3.4 ROS and MMP-13 inhibition improves glucose-induced neurotoxicity
Glucose-dependent oxidative stress formation has been detected in mammalian keratinocytes 9, 26, and we previously showed in zebrafish that treatment with exogenous H2O2 induces mmp13 expression 10. We therefore asked whether also glucose-induced endogenous ROS/H2O2 induces mmp13 expression, and whether increased MMP-13 activity could underlie sensory axon degeneration, as it does in paclitaxel-treated animals 8. Quantification via qPCR following 6 days of glucose treatment (2–8dpf) showed that mmp13a expression, the zebrafish homolog of mammalian MMP13 (Fig. 4a), was significantly upregulated when compared with untreated controls. Co-administration of NAC, in contrast, led to mmp13a downregulation (Fig. 4a), suggesting that mmp13a expression is regulated by glucose-dependent H2O2 formation.

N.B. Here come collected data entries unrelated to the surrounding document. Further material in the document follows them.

(* In the setting described in the context, with all standing assumptions in force, for every $i\in\{1,\dots,N\}$, $$\lim_{t\to\infty}\big\|\hat{\mathbf x}_{(i,\ell_i^t)}(\mathbf x_{(i,:)}^t)-\tilde{\mathbf x}_{(i,\ell_i^t)}^t\big\|=0 .$$
   Context: Problem. Let $N,B,d\ge1$. A vector $\mathbf x\in\mathbb R^{dB}$ is partitioned into blocks $\mathbf x=(\mathbf x_1,\dots,\mathbf x_B)$ with $\mathbf x_\ell\in\mathbb R^d$, and $\nabla_\ell$ denotes the partial gradient with respect to block $\ell$. Problem (P) is $$\min_{\mathbf x}\ U(\mathbf x)=\sum_{i=1}^Nf_i(\mathbf x)+\sum_{\ell=1}^B r_\ell(\mathbf x_\ell)\quad\text{s.t. }\mathbf x_\ell\in\mathcal K_\ell,\ \ell=1,\dots,B,$$ with $\mathcal K=\mathcal K_1\times\dots\times\mathcal K_B$. Problem assumptions: - each $\mathcal K_\ell\subseteq\mathbb R^d$ is nonempty, closed and convex; - each $f_i:\mathbb R^{dB}\to\mathbb R$ is $C^1$ on an open set containing $\mathcal K$, and $\nabla f_i$ is $L_i$-Lipschitz continuous and bounded on $\mathcal K$; - each $r_\ell:\mathbb R^d\to\mathbb R$ is convex with bounded subgradients on $\mathcal K_\ell$; - $U$ is coercive on $\mathcal K$. Network. $\mathcal G=(\{1,\dots,N\},\mathcal E)$ is a fixed, strongly connected digraph containing all self-loops. The in-neighbor set of $i$ is $\mathcal N_i=\{j:(j,i)\in\mathcal E\}$. Block selection. At each iteration $t\ge0$, agent $i$ picks $\ell_i^t\in\{1,\dots,B\}$. For each $i$ there is a finite $T_i>0$ with $\bigcup_{\tau=0}^{T_i-1}\{\ell_i^{t+\tau}\}=\{1,\dots,B\}$ for all $t\ge0$. Define $\mathcal N_{i,\ell}^t=\{j\in\mathcal N_i:\ell_j^t=\ell\}\cup\{i\}$ and $\mathcal E_\ell^t=\{(j,i)\in\mathcal E:j\in\mathcal N_{i,\ell}^t\}$. Weights. For each $\ell$ and $t$, $A_\ell^t=[a_{ij\ell}^t]$ satisfies $a_{ij\ell}^t>\kappa$ if $(j,i)\in\mathcal E_\ell^t$, $a_{ij\ell}^t=0$ otherwise (for a fixed $\kappa>0$), and $\mathbf 1^\top A_\ell^t=\mathbf 1^\top$. Surrogates. For each $i,\ell$, $\tilde f_{i,\ell}:\mathcal K_\ell\times\mathcal K\to\mathbb R$ satisfies: - $\tilde f_{i,\ell}(\cdot;\mathbf x)$ is $C^1$ and $\tau_i$-strongly convex on $\mathcal K_\ell$ uniformly in $\mathbf x\in\mathcal K$, with $\tau_i>0$; - $\nabla\tilde f_{i,\ell}(\mathbf x_\ell;\mathbf x)=\nabla_\ell f_i(\mathbf x)$ for all $\mathbf x\in\mathcal K$, where $\nabla\tilde f_{i,\ell}$ is the gradient in the first argument and $\mathbf x_\ell$ is the $\ell$-th block of $\mathbf x$; - $\nabla\tilde f_{i,\ell}(\mathbf z;\cdot)$ is Lipschitz continuous on $\mathcal K$ uniformly in $\mathbf z\in\mathcal K_\ell$. For $\mathbf w\in\mathcal K$ and $\mathbf g\in\mathbb R^d$ let $$\hat f_{i,\ell}(\mathbf z;\mathbf w,\mathbf g)=\tilde f_{i,\ell}(\mathbf z;\mathbf w)+(N\mathbf g-\nabla_\ell f_i(\mathbf w))^\top(\mathbf z-\mathbf w_\ell).$$ Best-response map: for $\mathbf w\in\mathcal K$ define $$\hat{\mathbf x}_{(i,\ell)}(\mathbf w)=\arg\min_{\mathbf z\in\mathcal K_\ell}\ \hat f_{i,\ell}\Big(\mathbf z;\mathbf w,\tfrac1N\sum_{j=1}^N\nabla_\ell f_j(\mathbf w)\Big)+r_\ell(\mathbf z).$$ Step sizes. $0<\gamma^t\le1$, $\gamma^{t+1}\le\gamma^t$, $\sum_t\gamma^t=\infty$, $\sum_t(\gamma^t)^2<\infty$. Algorithm. Agent $i$ holds $\mathbf x_{(i,:)}^t=(\mathbf x_{(i,\ell)}^t)_\ell$, $\mathbf y_{(i,:)}^t=(\mathbf y_{(i,\ell)}^t)_\ell$ in $\mathbb R^{dB}$ and scalars $\phi_{(i,\ell)}^t$. Initialization: $\mathbf x_{(i,:)}^0\in\mathcal K$ arbitrary, $\mathbf y_{(i,:)}^0=\nabla f_i(\mathbf x_{(i,:)}^0)$, $\phi_{(i,\ell)}^0=1$. At iteration $t$, each agent $i$: - computes $\tilde{\mathbf x}_{(i,\ell_i^t)}^t=\arg\min_{\mathbf z\in\mathcal K_{\ell_i^t}}\hat f_{i,\ell_i^t}(\mathbf z;\mathbf x_{(i,:)}^t,\mathbf y_{(i,\ell_i^t)}^t)+r_{\ell_i^t}(\mathbf z)$; - sets $\Delta\mathbf x_{(i,\ell)}^t=\tilde{\mathbf x}_{(i,\ell)}^t-\mathbf x_{(i,\ell)}^t$ if $\ell=\ell_i^t$ and $\Delta\mathbf x_{(i,\ell)}^t=\mathbf 0$ otherwise; - for every $\ell$ updates $$\phi_{(i,\ell)}^{t+1}=\sum_{j\in\mathcal N_{i,\ell}^t}a_{ij\ell}^t\phi_{(j,\ell)}^t,\qquad \mathbf x_{(i,\ell)}^{t+1}=\sum_{j\in\mathcal N_{i,\ell}^t}\frac{a_{ij\ell}^t\phi_{(j,\ell)}^t}{\phi_{(i,\ell)}^{t+1}}\big(\mathbf x_{(j,\ell)}^t+\gamma^t\Delta\mathbf x_{(j,\ell)}^t\big),$$ $$\mathbf y_{(i,\ell)}^{t+1}=\sum_{j\in\mathcal N_{i,\ell}^t}\frac{a_{ij\ell}^t}{\phi_{(i,\ell)}^{t+1}}\Big(\phi_{(j,\ell)}^t\mathbf y_{(j,\ell)}^t+\nabla_\ell f_j(\mathbf x_{(j,:)}^{t+1})-\nabla_\ell f_j(\mathbf x_{(j,:)}^t)\Big).$$ *)

theory Defs
  imports "HOL-Analysis.Analysis"
begin

definition strongly_convex_on :: "'a::real_normed_vector set \<Rightarrow> real \<Rightarrow> ('a \<Rightarrow> real) \<Rightarrow> bool" where
  "strongly_convex_on S \<tau> g \<longleftrightarrow>
     (\<forall>u\<in>S. \<forall>v\<in>S. \<forall>\<theta>::real. 0 \<le> \<theta> \<and> \<theta> \<le> 1 \<longrightarrow>
        g (\<theta> *\<^sub>R u + (1 - \<theta>) *\<^sub>R v) \<le> \<theta> * g u + (1 - \<theta>) * g v - \<tau> / 2 * \<theta> * (1 - \<theta>) * (norm (u - v))\<^sup>2)"

text \<open>The (unique, under the standing assumptions) minimiser of F over S.\<close>
definition argmin_on :: "'a set \<Rightarrow> ('a \<Rightarrow> real) \<Rightarrow> 'a" where
  "argmin_on S F = (THE z. z \<in> S \<and> (\<forall>y\<in>S. F z \<le> F y))"

definition is_subgradient :: "('a::real_inner \<Rightarrow> real) \<Rightarrow> 'a \<Rightarrow> 'a \<Rightarrow> bool" where
  "is_subgradient g z v \<longleftrightarrow> (\<forall>w. g z + v \<bullet> (w - z) \<le> g w)"

definition prodK :: "('b::finite \<Rightarrow> 'a set) \<Rightarrow> ('a ^ 'b) set" where
  "prodK K = {x. \<forall>l. x $ l \<in> K l}"

definition in_nbrs :: "('n \<times> 'n) set \<Rightarrow> 'n \<Rightarrow> 'n set" where
  "in_nbrs E i = {j. (j, i) \<in> E}"

definition nbrs_blk :: "('n \<times> 'n) set \<Rightarrow> ('n \<Rightarrow> nat \<Rightarrow> 'b) \<Rightarrow> 'n \<Rightarrow> 'b \<Rightarrow> nat \<Rightarrow> 'n set" where
  "nbrs_blk E sel i l t = {j \<in> in_nbrs E i. sel j t = l} \<union> {i}"

definition edges_blk :: "('n \<times> 'n) set \<Rightarrow> ('n \<Rightarrow> nat \<Rightarrow> 'b) \<Rightarrow> 'b \<Rightarrow> nat \<Rightarrow> ('n \<times> 'n) set" where
  "edges_blk E sel l t = {(j, i) \<in> E. j \<in> nbrs_blk E sel i l t}"

definition fhat :: "('n::finite \<Rightarrow> 'b::finite \<Rightarrow> real^'d \<Rightarrow> real^'d^'b \<Rightarrow> real)
     \<Rightarrow> ('n \<Rightarrow> real^'d^'b \<Rightarrow> real^'d^'b) \<Rightarrow> 'n \<Rightarrow> 'b \<Rightarrow> real^'d \<Rightarrow> real^'d^'b \<Rightarrow> real^'d \<Rightarrow> real" where
  "fhat ft gf i l z w g = ft i l z w + (real CARD('n) *\<^sub>R g - gf i w $ l) \<bullet> (z - w $ l)"

definition xhat :: "('n::finite \<Rightarrow> 'b::finite \<Rightarrow> real^'d \<Rightarrow> real^'d^'b \<Rightarrow> real)
     \<Rightarrow> ('n \<Rightarrow> real^'d^'b \<Rightarrow> real^'d^'b) \<Rightarrow> ('b \<Rightarrow> real^'d \<Rightarrow> real) \<Rightarrow> ('b \<Rightarrow> (real^'d) set)
     \<Rightarrow> 'n \<Rightarrow> 'b \<Rightarrow> real^'d^'b \<Rightarrow> real^'d" where
  "xhat ft gf r K i l w = argmin_on (K l)
     (\<lambda>z. fhat ft gf i l z w ((1 / real CARD('n)) *\<^sub>R (\<Sum>j\<in>UNIV. gf j w $ l)) + r l z)"
lemma shifted_hook_prod_mult_schur_pair_prod:
  "strict_partition \<xi> \<Longrightarrow> shifted_hook_prod \<xi> * schur_pair_prod (set \<xi>) = (\<Prod>s\<in>set \<xi>. fact s)"
proof (induction \<xi>)
  case Nil
  then show ?case by (simp add: shifted_hook_prod_def shifted_diagram_Nil schur_pair_prod_def)
next
  case (Cons a \<xi>)
  have st: "strict_partition \<xi>" using strict_partition_Cons[OF Cons.prems] .
  define S where "S = set \<xi>"
  have aS: "a \<notin> S" "\<forall>t\<in>S. t < a" using Cons.prems unfolding strict_partition_def S_def by auto
  define R where "R = (\<Prod>j=1..a. real (shifted_hook_length (a # \<xi>) 1 j))"
  have parts: "(\<Prod>r=1..length \<xi>. g (part \<xi> r)) = (\<Prod>t\<in>S. g t)" for g :: "nat \<Rightarrow> real"
    unfolding S_def using prod.reindex_bij_betw[OF bij_betw_part_set[OF st]] .
  define A where "A = (\<Prod>t\<in>S. real (a - t))"
  define B where "B = (\<Prod>t\<in>S. real (a + t))"
  define Q where "Q = (\<Prod>t\<in>S. \<bar>real a - real t\<bar> / (real a + real t))"
  have "R * A = fact a * B"
    using arg_cong[OF first_row_hook_prod[OF Cons.prems], of real]
    unfolding R_def A_def B_def parts[of "\<lambda>t. real (a - t)", symmetric] parts[of "\<lambda>t. real (a + t)", symmetric]
    by (simp add: of_nat_prod)
  moreover have "Q = A / B"
    unfolding Q_def A_def B_def prod_dividef[symmetric] using aS by (intro prod.cong) (auto simp: of_nat_diff)
  moreover have "B > 0"
    unfolding B_def using aS(2) by (intro prod_pos) (auto simp: add_pos_nonneg)
  ultimately have R: "R * Q = fact a" by simp
  have "shifted_hook_prod (a # \<xi>) * schur_pair_prod (set (a # \<xi>))
      = (R * Q) * (shifted_hook_prod \<xi> * schur_pair_prod S)"
    unfolding shifted_hook_prod_Cons R_def Q_def using schur_pair_prod_insert[OF _ aS(1)] by (simp add: S_def)
  also have "\<dots> = (\<Prod>s\<in>set (a # \<xi>). fact s)"
    unfolding R Cons.IH[OF st, folded S_def] using aS by (simp add: S_def)
  finally show ?case .
qed

theorem shifted_hook_length_formula:
  assumes "strict_partition \<xi>"
  shows "fact (sum_list \<xi>) / shifted_hook_prod \<xi> = schur_formula (set \<xi>)"
proof -
  have "schur_pair_prod (set \<xi>) \<noteq> 0"
    unfolding schur_pair_prod_def by (auto simp: prod_zero_iff)
  moreover have "sum_list \<xi> = \<Sum>(set \<xi>)"
    using sum_list_distinct_conv_sum_set[OF strict_partition_distinct[OF assms], of "\<lambda>x. x"] by simp
  ultimately show ?thesis
    unfolding schur_formula_def shifted_hook_prod_mult_schur_pair_prod[OF assms, symmetric] by simp
qed

section \<open>Two-row shapes\<close>

lemma schur_formula_pair:
  assumes "s < r"
  shows "schur_formula {r, s} = fact (r + s) / (fact r * fact s) * ((real r - real s) / (real r + real s))"
proof -
  have "schur_pair_prod {s} = 1"
    using schur_pair_prod_insert[of "{}" s] by (simp add: schur_pair_prod_def)
  then have "schur_pair_prod {r, s} = (real r - real s) / (real r + real s)"
    using schur_pair_prod_insert[of "{s}" r] assms by simp
  then show ?thesis using assms by (simp add: schur_formula_def)
qed

lemma Std_s_two_row_less_iff_max:
  assumes c: "1 \<le> c" "c < b"
  shows "{T \<in> Std_s [b, c]. T (1, b) < T (2, c + 1)} = {T \<in> Std_s [b, c]. T (row_end [b, c] 1) = b + c}"
proof -
  define \<xi> where "\<xi> = [b, c]"
  have st: "strict_partition \<xi>" unfolding \<xi>_def strict_partition_def using c by auto
  have ends: "row_end \<xi> 0 = (1, b)" "row_end \<xi> 1 = (2, c + 1)" unfolding row_end_def \<xi>_def by simp_all
  have cells: "(1, b) \<in> shifted_diagram \<xi>" "(2, c + 1) \<in> shifted_diagram \<xi>"
    using row_end_in_shifted_diagram[OF st, of 0] row_end_in_shifted_diagram[OF st, of 1] ends
    by (simp_all add: \<xi>_def)
  have "{T \<in> Std_s \<xi>. T (1, b) < T (2, c + 1)} = {T \<in> Std_s \<xi>. T (row_end \<xi> 1) = sum_list \<xi>}"
  proof (intro Collect_cong conj_cong refl iffI)
    fix T assume T: "T \<in> Std_s \<xi>" and less: "T (1, b) < T (2, c + 1)"
    have "sum_list \<xi> \<noteq> 0" unfolding \<xi>_def using c by simp
    then obtain x where x: "x \<in> shifted_diagram \<xi>" "T x = sum_list \<xi>"
      using Std_s_max_exists[OF T] by blast
    then obtain k where k: "k < length \<xi>" "x = row_end \<xi> k"
      using is_corner_imp_row_end[OF st x(1) Std_s_max_is_corner[OF T x]] by blast
    moreover have "k \<noteq> 0"
    proof
      assume "k = 0"
      then have "T (1, b) = sum_list \<xi>" using x k ends by simp
      then show False using less Std_s_range[OF T cells(2)] by simp
    qed
    ultimately have "k = 1" by (simp add: \<xi>_def)
    then show "T (row_end \<xi> 1) = sum_list \<xi>" using x k by simp
  next
    fix T assume T: "T \<in> Std_s \<xi>" and max: "T (row_end \<xi> 1) = sum_list \<xi>"
    have inj: "inj_on T (shifted_diagram \<xi>)" using T by (simp add: Std_s_def bij_betw_def)
    have "T (1, b) \<noteq> T (2, c + 1)"
    proof
      assume "T (1, b) = T (2, c + 1)"
      then have "(1::nat, b) = (2, c + 1)" using inj_onD[OF inj _ cells] by blast
      then show False by simp
    qed
    then show "T (1, b) < T (2, c + 1)" using max ends Std_s_range[OF T cells(1)] by simp
  qed
  then show ?thesis by (simp add: \<xi>_def)
qed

Next, we pharmacologically inhibited ROS/H2O2 with N-acetylcysteine (NAC) and MMP-13 inhibitor (DB04760) in the presence of glucose over the course of 6 days (2–8dpf) to assess its effects on axons. First, we determined whether the inhibitors are toxic to zebrafish larvae in the presence of glucose. While treatment with glucose alone promoted the formation of cardiac edema and general unhealthiness of larval fish compared with untreated controls (Fig. 4b, c), NAC co-administration rescued these defects to some extent (Fig. 4d). Strikingly, co-treatment of larvae with glucose and DB04760 fully rescued the glucose-induced phenotypes (Fig. 5e). To further determine the effects of these inhibitors on sensory axons, we analyzed transgenic Tg(isl2b:GFP) animals in which sensory axons are fluorescently labeled. Unlike glucose treatment, which significantly reduced the number of sensory axon branches quantified in the distal caudal fin, NAC and DB04760 prevented glucose-induced neurotoxicity (Fig. 4f–j). Thus, ROS/H2O2 and MMP-13 appear to be downstream effectors of glucose and play a role in sensory axon degeneration.
3.5 MMP-13 inhibition improves diabetic neuropathy mice
To analyze whether the function of MMP-13 in diabetic neuropathy is conserved in mice, we fed mice with a high-fat/high-sugar diet, similar to 27. Groups of hyperglycemic mice were subsequently injected with either vehicle or the MMP-13 inhibitor, CL-82198 15. We previously demonstrated identical effects for DB04760 and CL-82198 in paclitaxel-induced neurotoxicity in zebrafish 8 and used CL-82198 in this study due to its common usage in other mouse models and effectiveness at 5mg/kg 8. Inhibition of MMP-13 resulted in a trend toward body weight reduction during the 14-day treatment period, which was however not significant (Fig. 5a). Glucose tolerance testing showed that the hyperglycemic state was preserved in both groups (Fig. 5b). Nevertheless, tactile sensitivity was significantly improved upon co-administration of the MMP-13 inhibitor, as measured using von Frey filaments (Fig. 5c). These findings suggest that MMP-13 inhibition reverses neuropathy symptoms but does not influence the diabetic state of animals. These findings are consistent with MMP-13 being expected to be a downstream target of glucose toxicity. Thus, inhibition of MMP-13 represents a potential treatment for neuropathy in diabetic patients.
4. Discussion
We developed a zebrafish model with which to study glucose-induced neurotoxicity in live animals using in vivo imaging. We show that glucose treatment induces sensory axon loss in the zebrafish caudal fin, similar to loss of axons in the distal extremities of diabetic patients. The neurotoxic effects of glucose can be explained by glucose-dependent increased ROS formation in the skin, which stimulates MMP-13 expression and renders the epidermis susceptible to mechanical stress (consistent with the formation of injuries in the distal caudal fin). Since unmyelinated axons are embedded in the matrix of the basal epidermis, damage to the matrix likely renders axons vulnerable to degeneration (Fig. 6). Given our finding that MMP-13 inhibition can prevent axon degeneration, this metalloproteinase may be a possible target in the treatment of diabetic neuropathy in humans. Additional studies are required to assess its precise functions in the stimulation of axon regeneration.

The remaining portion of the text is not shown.